--- Provided entries Enclosed Below ---
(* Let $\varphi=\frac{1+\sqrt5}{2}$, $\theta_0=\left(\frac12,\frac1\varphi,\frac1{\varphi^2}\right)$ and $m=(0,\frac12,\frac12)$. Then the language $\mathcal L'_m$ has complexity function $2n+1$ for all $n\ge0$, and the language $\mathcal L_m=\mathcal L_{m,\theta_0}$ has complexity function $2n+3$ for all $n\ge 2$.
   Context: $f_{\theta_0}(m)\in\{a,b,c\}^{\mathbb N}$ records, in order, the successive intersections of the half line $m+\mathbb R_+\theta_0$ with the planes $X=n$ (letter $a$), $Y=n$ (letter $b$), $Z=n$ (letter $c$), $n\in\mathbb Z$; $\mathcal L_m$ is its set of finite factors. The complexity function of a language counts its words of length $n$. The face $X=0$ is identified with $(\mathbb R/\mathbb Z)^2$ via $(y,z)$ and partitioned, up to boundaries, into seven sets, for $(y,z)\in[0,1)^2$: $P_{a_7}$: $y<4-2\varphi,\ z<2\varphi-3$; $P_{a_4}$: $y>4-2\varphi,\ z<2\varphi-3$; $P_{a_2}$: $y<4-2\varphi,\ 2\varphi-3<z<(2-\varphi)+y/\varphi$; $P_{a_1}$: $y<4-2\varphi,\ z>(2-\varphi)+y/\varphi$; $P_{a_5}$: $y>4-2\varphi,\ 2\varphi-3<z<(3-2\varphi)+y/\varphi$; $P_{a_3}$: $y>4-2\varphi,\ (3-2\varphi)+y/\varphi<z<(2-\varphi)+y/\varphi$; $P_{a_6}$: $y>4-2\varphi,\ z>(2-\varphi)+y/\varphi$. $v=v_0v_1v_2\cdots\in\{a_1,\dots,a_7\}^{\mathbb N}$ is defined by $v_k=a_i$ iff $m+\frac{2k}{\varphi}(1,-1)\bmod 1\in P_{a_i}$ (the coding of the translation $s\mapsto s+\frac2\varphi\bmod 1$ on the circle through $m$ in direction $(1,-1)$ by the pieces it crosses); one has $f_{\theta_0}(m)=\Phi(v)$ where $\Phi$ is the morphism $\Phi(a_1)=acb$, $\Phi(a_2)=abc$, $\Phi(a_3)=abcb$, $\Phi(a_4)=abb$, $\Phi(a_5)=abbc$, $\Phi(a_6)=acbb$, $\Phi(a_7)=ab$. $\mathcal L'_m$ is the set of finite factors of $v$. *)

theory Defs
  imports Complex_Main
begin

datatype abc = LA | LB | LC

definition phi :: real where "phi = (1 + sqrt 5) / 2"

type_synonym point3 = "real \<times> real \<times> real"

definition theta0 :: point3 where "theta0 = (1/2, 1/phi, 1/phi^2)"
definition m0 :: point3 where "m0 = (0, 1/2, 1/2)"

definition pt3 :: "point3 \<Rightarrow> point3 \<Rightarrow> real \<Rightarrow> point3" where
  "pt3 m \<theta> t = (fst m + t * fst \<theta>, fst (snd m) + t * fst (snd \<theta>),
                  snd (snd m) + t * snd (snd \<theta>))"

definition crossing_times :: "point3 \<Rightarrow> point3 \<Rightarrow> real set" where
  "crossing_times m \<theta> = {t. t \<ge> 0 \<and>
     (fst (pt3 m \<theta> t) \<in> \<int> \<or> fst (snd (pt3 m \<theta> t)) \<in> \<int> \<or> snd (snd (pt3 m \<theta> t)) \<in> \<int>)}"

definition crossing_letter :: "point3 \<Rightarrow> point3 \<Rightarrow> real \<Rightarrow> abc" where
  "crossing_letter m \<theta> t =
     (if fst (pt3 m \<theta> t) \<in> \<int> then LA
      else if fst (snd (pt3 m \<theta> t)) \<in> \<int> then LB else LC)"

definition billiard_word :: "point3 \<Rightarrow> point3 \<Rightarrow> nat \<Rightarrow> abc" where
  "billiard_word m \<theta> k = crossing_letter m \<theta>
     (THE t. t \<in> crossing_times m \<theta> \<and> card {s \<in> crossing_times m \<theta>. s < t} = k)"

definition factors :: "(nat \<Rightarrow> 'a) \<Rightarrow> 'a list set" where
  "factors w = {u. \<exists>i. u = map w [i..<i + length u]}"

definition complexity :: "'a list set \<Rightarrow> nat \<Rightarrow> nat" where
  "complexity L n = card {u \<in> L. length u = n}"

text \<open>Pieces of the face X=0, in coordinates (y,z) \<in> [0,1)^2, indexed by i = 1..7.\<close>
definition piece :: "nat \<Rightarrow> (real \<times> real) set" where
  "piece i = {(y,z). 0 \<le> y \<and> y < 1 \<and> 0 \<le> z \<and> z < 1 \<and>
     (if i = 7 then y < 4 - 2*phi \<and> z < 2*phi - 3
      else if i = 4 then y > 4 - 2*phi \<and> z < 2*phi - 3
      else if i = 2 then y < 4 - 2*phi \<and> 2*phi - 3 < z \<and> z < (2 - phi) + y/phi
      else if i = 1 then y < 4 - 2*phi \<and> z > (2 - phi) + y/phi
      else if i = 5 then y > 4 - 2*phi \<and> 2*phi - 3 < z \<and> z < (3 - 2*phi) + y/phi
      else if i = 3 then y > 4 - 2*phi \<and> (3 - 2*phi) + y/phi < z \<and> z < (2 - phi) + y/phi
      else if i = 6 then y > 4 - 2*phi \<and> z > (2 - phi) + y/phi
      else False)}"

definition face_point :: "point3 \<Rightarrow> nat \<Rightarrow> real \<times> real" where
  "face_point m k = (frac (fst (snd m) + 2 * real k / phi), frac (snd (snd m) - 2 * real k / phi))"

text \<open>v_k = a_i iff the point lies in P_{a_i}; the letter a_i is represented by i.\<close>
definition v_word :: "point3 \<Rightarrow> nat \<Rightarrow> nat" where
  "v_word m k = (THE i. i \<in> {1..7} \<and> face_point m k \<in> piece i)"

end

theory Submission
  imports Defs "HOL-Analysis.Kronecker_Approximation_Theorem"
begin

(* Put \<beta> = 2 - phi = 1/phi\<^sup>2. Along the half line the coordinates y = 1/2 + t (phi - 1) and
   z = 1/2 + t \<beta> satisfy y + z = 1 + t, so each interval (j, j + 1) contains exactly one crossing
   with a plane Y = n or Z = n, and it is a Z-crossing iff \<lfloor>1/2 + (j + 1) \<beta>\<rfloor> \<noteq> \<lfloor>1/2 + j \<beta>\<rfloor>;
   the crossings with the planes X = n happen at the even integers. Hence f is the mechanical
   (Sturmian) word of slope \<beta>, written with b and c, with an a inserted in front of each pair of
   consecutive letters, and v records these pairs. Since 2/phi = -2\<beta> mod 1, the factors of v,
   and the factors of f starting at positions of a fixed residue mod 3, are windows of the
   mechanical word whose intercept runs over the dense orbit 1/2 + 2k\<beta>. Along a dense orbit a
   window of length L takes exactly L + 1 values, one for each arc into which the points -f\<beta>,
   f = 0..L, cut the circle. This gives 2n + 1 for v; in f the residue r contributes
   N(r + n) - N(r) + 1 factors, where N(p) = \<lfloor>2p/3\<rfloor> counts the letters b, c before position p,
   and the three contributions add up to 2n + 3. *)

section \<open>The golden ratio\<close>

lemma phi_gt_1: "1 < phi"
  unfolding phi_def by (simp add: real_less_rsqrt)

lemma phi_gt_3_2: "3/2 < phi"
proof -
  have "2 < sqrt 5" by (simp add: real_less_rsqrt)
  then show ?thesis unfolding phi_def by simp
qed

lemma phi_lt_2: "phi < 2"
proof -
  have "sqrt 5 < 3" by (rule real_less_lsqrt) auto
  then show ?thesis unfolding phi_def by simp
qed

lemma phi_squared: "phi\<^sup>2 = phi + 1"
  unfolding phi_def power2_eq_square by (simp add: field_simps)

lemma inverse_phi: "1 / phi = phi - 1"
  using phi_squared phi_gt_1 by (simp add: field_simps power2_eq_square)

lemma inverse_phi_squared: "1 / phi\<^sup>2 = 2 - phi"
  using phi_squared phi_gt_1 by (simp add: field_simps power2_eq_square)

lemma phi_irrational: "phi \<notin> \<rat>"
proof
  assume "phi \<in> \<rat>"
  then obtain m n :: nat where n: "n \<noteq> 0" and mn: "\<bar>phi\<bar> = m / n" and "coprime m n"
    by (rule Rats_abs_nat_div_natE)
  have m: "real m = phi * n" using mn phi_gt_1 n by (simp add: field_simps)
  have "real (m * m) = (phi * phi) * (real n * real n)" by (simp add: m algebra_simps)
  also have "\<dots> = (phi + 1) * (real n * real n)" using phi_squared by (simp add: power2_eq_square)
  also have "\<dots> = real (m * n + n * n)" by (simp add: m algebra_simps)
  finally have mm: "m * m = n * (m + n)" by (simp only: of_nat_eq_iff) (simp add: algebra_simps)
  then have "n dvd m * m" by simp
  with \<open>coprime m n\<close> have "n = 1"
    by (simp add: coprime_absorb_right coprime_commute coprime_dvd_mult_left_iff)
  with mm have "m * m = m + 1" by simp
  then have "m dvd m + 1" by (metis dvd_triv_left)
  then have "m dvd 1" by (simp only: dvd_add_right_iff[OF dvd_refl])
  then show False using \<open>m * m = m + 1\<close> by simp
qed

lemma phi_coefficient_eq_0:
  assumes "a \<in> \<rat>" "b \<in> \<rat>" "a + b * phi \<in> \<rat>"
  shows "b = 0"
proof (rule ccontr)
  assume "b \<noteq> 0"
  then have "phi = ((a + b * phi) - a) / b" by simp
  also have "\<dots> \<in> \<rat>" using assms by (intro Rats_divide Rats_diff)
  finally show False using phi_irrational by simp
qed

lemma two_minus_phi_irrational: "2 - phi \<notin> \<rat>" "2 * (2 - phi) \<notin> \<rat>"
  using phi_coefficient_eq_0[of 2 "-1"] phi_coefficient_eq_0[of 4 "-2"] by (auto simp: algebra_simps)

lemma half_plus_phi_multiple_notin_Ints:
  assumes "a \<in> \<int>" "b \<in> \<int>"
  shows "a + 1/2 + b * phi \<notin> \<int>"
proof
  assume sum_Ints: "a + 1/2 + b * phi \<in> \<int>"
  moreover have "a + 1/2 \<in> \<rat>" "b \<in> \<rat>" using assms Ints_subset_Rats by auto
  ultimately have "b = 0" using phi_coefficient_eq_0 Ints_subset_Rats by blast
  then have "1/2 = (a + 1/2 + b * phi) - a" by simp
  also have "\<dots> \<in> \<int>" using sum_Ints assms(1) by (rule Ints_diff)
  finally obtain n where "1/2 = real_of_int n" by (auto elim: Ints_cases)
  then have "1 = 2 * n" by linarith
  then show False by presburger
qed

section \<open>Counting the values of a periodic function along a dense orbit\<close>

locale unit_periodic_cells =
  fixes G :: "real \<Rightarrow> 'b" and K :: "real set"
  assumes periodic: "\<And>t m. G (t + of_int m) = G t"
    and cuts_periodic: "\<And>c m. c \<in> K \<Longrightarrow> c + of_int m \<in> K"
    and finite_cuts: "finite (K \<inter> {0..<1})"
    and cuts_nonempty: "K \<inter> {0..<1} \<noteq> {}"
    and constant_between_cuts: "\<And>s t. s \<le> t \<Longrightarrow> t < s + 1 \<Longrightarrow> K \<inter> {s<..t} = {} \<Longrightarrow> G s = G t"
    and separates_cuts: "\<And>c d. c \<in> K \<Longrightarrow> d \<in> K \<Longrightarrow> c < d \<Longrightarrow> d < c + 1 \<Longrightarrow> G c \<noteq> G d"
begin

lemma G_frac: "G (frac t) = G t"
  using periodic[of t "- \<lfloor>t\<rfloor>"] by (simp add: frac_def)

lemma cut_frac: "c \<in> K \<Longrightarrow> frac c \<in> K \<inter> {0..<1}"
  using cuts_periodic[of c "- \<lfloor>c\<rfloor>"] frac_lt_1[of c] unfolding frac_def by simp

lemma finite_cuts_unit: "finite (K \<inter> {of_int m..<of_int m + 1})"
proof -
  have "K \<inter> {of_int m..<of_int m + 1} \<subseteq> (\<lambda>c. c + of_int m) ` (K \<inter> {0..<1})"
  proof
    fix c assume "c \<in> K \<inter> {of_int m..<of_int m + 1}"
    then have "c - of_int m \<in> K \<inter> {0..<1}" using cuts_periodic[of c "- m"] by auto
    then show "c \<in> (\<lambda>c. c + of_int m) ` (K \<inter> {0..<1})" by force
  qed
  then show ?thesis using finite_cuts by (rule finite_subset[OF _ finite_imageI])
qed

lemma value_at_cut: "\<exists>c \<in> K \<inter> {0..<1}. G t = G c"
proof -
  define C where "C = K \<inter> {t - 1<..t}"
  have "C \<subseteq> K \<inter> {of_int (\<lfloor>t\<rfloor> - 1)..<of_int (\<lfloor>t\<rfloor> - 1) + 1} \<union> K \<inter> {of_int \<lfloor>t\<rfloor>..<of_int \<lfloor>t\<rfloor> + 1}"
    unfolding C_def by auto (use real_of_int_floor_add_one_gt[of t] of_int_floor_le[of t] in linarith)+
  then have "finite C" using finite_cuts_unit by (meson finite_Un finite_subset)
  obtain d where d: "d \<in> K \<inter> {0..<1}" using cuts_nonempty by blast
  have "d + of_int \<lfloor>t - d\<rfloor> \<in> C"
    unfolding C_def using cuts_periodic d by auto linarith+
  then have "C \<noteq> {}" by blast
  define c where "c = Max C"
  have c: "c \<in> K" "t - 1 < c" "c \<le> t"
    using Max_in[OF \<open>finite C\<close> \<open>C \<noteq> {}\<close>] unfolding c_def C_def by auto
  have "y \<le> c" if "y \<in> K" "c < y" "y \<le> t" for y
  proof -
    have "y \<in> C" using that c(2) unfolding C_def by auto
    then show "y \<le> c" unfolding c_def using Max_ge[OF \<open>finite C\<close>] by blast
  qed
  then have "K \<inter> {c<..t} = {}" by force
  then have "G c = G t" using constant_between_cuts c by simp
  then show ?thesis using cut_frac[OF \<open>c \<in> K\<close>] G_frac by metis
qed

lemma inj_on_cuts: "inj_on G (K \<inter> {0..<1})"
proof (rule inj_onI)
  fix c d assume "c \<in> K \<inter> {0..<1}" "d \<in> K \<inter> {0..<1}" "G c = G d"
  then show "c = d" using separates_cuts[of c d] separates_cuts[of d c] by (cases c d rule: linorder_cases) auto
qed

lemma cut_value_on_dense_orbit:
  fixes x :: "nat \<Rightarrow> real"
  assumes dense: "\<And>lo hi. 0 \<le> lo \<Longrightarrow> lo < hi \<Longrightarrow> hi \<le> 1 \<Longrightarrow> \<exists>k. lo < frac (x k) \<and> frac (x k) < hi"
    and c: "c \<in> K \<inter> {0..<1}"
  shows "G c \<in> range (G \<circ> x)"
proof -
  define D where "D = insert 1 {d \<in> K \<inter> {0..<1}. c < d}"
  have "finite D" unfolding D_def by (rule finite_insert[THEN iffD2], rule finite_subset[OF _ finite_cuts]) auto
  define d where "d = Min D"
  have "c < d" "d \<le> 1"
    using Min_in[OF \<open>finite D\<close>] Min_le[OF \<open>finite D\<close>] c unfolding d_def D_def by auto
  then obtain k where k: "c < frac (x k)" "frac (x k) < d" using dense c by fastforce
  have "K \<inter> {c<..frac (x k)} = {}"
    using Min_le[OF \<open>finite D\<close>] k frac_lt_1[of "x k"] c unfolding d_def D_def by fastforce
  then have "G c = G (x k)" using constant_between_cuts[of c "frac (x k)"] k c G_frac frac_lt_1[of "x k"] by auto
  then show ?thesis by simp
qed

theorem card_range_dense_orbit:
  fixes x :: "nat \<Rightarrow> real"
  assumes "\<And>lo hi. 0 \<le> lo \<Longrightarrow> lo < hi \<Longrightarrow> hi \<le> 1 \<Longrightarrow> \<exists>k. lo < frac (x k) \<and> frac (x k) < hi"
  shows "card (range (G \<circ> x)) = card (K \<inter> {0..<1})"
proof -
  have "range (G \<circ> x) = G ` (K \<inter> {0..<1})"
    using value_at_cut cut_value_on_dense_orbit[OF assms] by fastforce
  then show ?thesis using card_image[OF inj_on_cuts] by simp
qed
--- End of Enclosed Provided entries ---
Task to carry out -> Go through the material line by line, tally each line containing "coordinates", and give the total only.

Written solution -> 2